(* For every integer $n\ge1$ there is a bijection $\Psi$ from the set of pairs $(F,\sigma)$, where $F$ is an admissible forest on $n$ leaves with $m$ connected components and $\sigma\in S_m$, to the set of admissible forests on $n+1$ leaves, such that $\deg(\Psi(F,\sigma))=\deg(F)+\operatorname{lec}(\sigma)$.
   Context: An admissible tree on $k$ leaves is a directed rooted tree whose $k$ leaves are labeled with distinct positive integers and whose every non-leaf vertex $v$ has $k_v\ge3$ outgoing edges (children) and is labeled $q^i$ with $i\in\{1,\dots,k_v-2\}$; the single vertex with no edges is the admissible tree on one leaf. Its degree is the sum of the exponents $i$ of the labels of non-leaf vertices. An admissible forest on $n$ leaves is a disjoint union of admissible trees whose sets of leaf labels partition $\{1,\dots,n\}$; its degree is the sum of the degrees of its trees. A permutation $\sigma\in S_m$ is written as the list $[\sigma(1),\dots,\sigma(m)]$. For a list of distinct numbers $\tau=[t_1,\dots,t_h]$, $\operatorname{inv}(\tau)=\{(i,j):i<j,\ t_i>t_j\}$. A hook is a list $[t_1,\dots,t_h]$ of distinct positive integers with $h\ge2$, $t_1>t_2$ and $t_2<t_3<\dots<t_h$. Every list of distinct numbers $\sigma$ has a unique factorization as a concatenation $\sigma=p\tau_1\cdots\tau_k$ with $p$ increasing (possibly empty) and each $\tau_i$ a hook ($k\ge0$); then $\operatorname{lec}(\sigma)=\sum_{i=1}^k|\operatorname{inv}(\tau_i)|$. *)

theory Defs
  imports Main "HOL-Library.Multiset"
begin

text \<open>A tree is either a leaf carrying its (positive integer) label,
or an internal vertex labelled q^i (we store the exponent i) with an unordered
collection (multiset) of children. Structural equality is isomorphism of
leaf-labelled, vertex-labelled rooted trees.\<close>

datatype ltree = Leaf nat | Node nat "ltree multiset"

primrec leaves_m :: "ltree \<Rightarrow> nat multiset" where
  "leaves_m (Leaf a) = {#a#}"
| "leaves_m (Node i cs) = \<Sum>\<^sub># (image_mset leaves_m cs)"

primrec adm_shape :: "ltree \<Rightarrow> bool" where
  "adm_shape (Leaf a) = (1 \<le> a)"
| "adm_shape (Node i cs) =
     (3 \<le> size cs \<and> 1 \<le> i \<and> i \<le> size cs - 2 \<and> (\<forall>b\<in>#image_mset adm_shape cs. b))"

primrec tdeg :: "ltree \<Rightarrow> nat" where
  "tdeg (Leaf a) = 0"
| "tdeg (Node i cs) = i + \<Sum>\<^sub># (image_mset tdeg cs)"

definition leaves :: "ltree \<Rightarrow> nat set" where
  "leaves t = set_mset (leaves_m t)"

definition admissible_tree :: "ltree \<Rightarrow> bool" where
  "admissible_tree t \<longleftrightarrow> adm_shape t \<and> (\<forall>a. count (leaves_m t) a \<le> 1)"

definition admissible_forests :: "nat \<Rightarrow> ltree set set" where
  "admissible_forests n = {F. finite F \<and> (\<forall>t\<in>F. admissible_tree t)
      \<and> (\<forall>t\<in>F. \<forall>u\<in>F. t \<noteq> u \<longrightarrow> leaves t \<inter> leaves u = {})
      \<and> (\<Union>t\<in>F. leaves t) = {1..n}}"

definition fdeg :: "ltree set \<Rightarrow> nat" where
  "fdeg F = (\<Sum>t\<in>F. tdeg t)"

text \<open>Permutations of S_m written as lists [sigma(1),...,sigma(m)].\<close>

definition perms :: "nat \<Rightarrow> nat list set" where
  "perms m = {s. distinct s \<and> set s = {1..m}}"

definition inv_set :: "nat list \<Rightarrow> (nat \<times> nat) set" where
  "inv_set t = {(i, j). i < j \<and> j < length t \<and> t ! i > t ! j}"

definition is_hook :: "nat list \<Rightarrow> bool" where
  "is_hook t \<longleftrightarrow> distinct t \<and> (\<forall>x\<in>set t. 1 \<le> x) \<and> 2 \<le> length t \<and> t ! 0 > t ! 1
      \<and> sorted_wrt (<) (tl t)"

definition hook_factorization :: "nat list \<Rightarrow> nat list \<Rightarrow> nat list list \<Rightarrow> bool" where
  "hook_factorization s p ts \<longleftrightarrow> s = p @ concat ts \<and> sorted_wrt (<) p \<and> (\<forall>t\<in>set ts. is_hook t)"

definition lec :: "nat list \<Rightarrow> nat" where
  "lec s = (THE k. \<exists>p ts. hook_factorization s p ts \<and> k = (\<Sum>t\<leftarrow>ts. card (inv_set t)))"

end

(*
  A permutation s of the m trees of F factors uniquely as p t_1 ... t_k with p increasing
  and each t_j a hook, and a hook is determined by its set S_j of letters together with
  its number i_j of inversions, which can be any value with 1 <= i_j < |S_j|.  So s amounts
  to a list of disjoint blocks S_j of trees of F, each marked by such an i_j, and
  lec s = i_1 + ... + i_k.  Such a list is turned into a path hanging from the new leaf n+1:
  the j-th vertex, counted from the root, carries the label q^(i_j) and has as children the
  trees of S_j and the rest of the path, hence |S_j| + 1 >= 3 children and
  1 <= i_j <= (|S_j| + 1) - 2.  The degree grows by exactly i_1 + ... + i_k.  Conversely,
  the path from leaf n+1 to the root of its tree recovers the marked blocks, which makes
  the construction a bijection.
*)

theory Submission
  imports Defs "HOL-Library.Disjoint_Sets"
begin

section \<open>Hooks\<close>

lemma card_less_nth_sorted:
  fixes xs :: "'a::linorder list"
  assumes "sorted_wrt (<) xs" "j < length xs"
  shows "card {x \<in> set xs. x < xs ! j} = j"
proof -
  have "{x \<in> set xs. x < xs ! j} = set (take j xs)"
  proof (intro equalityI subsetI)
    fix x
    assume "x \<in> {x \<in> set xs. x < xs ! j}"
    then obtain k where "k < length xs" "x = xs ! k" "xs ! k < xs ! j"
      by (auto simp: in_set_conv_nth)
    moreover from this have "k < j"
      using sorted_wrt_nth_less[OF assms(1), of j k]
      by (cases "j < k") (auto simp: linorder_not_less le_less)
    ultimately show "x \<in> set (take j xs)"
      by (auto simp: in_set_conv_nth)
  next
    fix x
    assume "x \<in> set (take j xs)"
    then obtain k where "k < j" "x = xs ! k"
      using assms(2) by (auto simp: in_set_conv_nth)
    then show "x \<in> {x \<in> set xs. x < xs ! j}"
      using sorted_wrt_nth_less[OF assms(1)] assms(2) by auto
  qed
  moreover have "distinct xs"
    using assms(1) strict_sorted_iff by blast
  ultimately show ?thesis
    using assms(2) by (simp add: distinct_card)
qed

lemma inv_set_Cons_sorted:
  fixes xs :: "nat list"
  assumes "sorted_wrt (<) xs"
  shows "inv_set (a # xs) = (\<lambda>k. (0, Suc k)) ` {k. k < length xs \<and> xs ! k < a}"
proof (intro equalityI subsetI)
  fix p
  assume p: "p \<in> inv_set (a # xs)"
  then obtain i j where ij: "p = (i, j)" "i < j" "j < Suc (length xs)" "(a # xs) ! j < (a # xs) ! i"
    by (auto simp: inv_set_def)
  obtain j' where j': "j = Suc j'"
    using ij(2) by (cases j) auto
  have "i = 0"
  proof (rule ccontr)
    assume "i \<noteq> 0"
    then obtain i' where "i = Suc i'"
      by (cases i) auto
    then show False
      using sorted_wrt_nth_less[OF assms, of i' j'] ij j' by simp
  qed
  then show "p \<in> (\<lambda>k. (0, Suc k)) ` {k. k < length xs \<and> xs ! k < a}"
    using ij j' by auto
qed (auto simp: inv_set_def)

=====

Produce verbatim the lines starting at the one with "then obtain i'" and ending at the last line of the material, both ends included. Add no other line.

**Answer to the problem**
    then obtain i' where "i = Suc i'"
      by (cases i) auto
    then show False
      using sorted_wrt_nth_less[OF assms, of i' j'] ij j' by simp
  qed
  then show "p \<in> (\<lambda>k. (0, Suc k)) ` {k. k < length xs \<and> xs ! k < a}"
    using ij j' by auto
qed (auto simp: inv_set_def)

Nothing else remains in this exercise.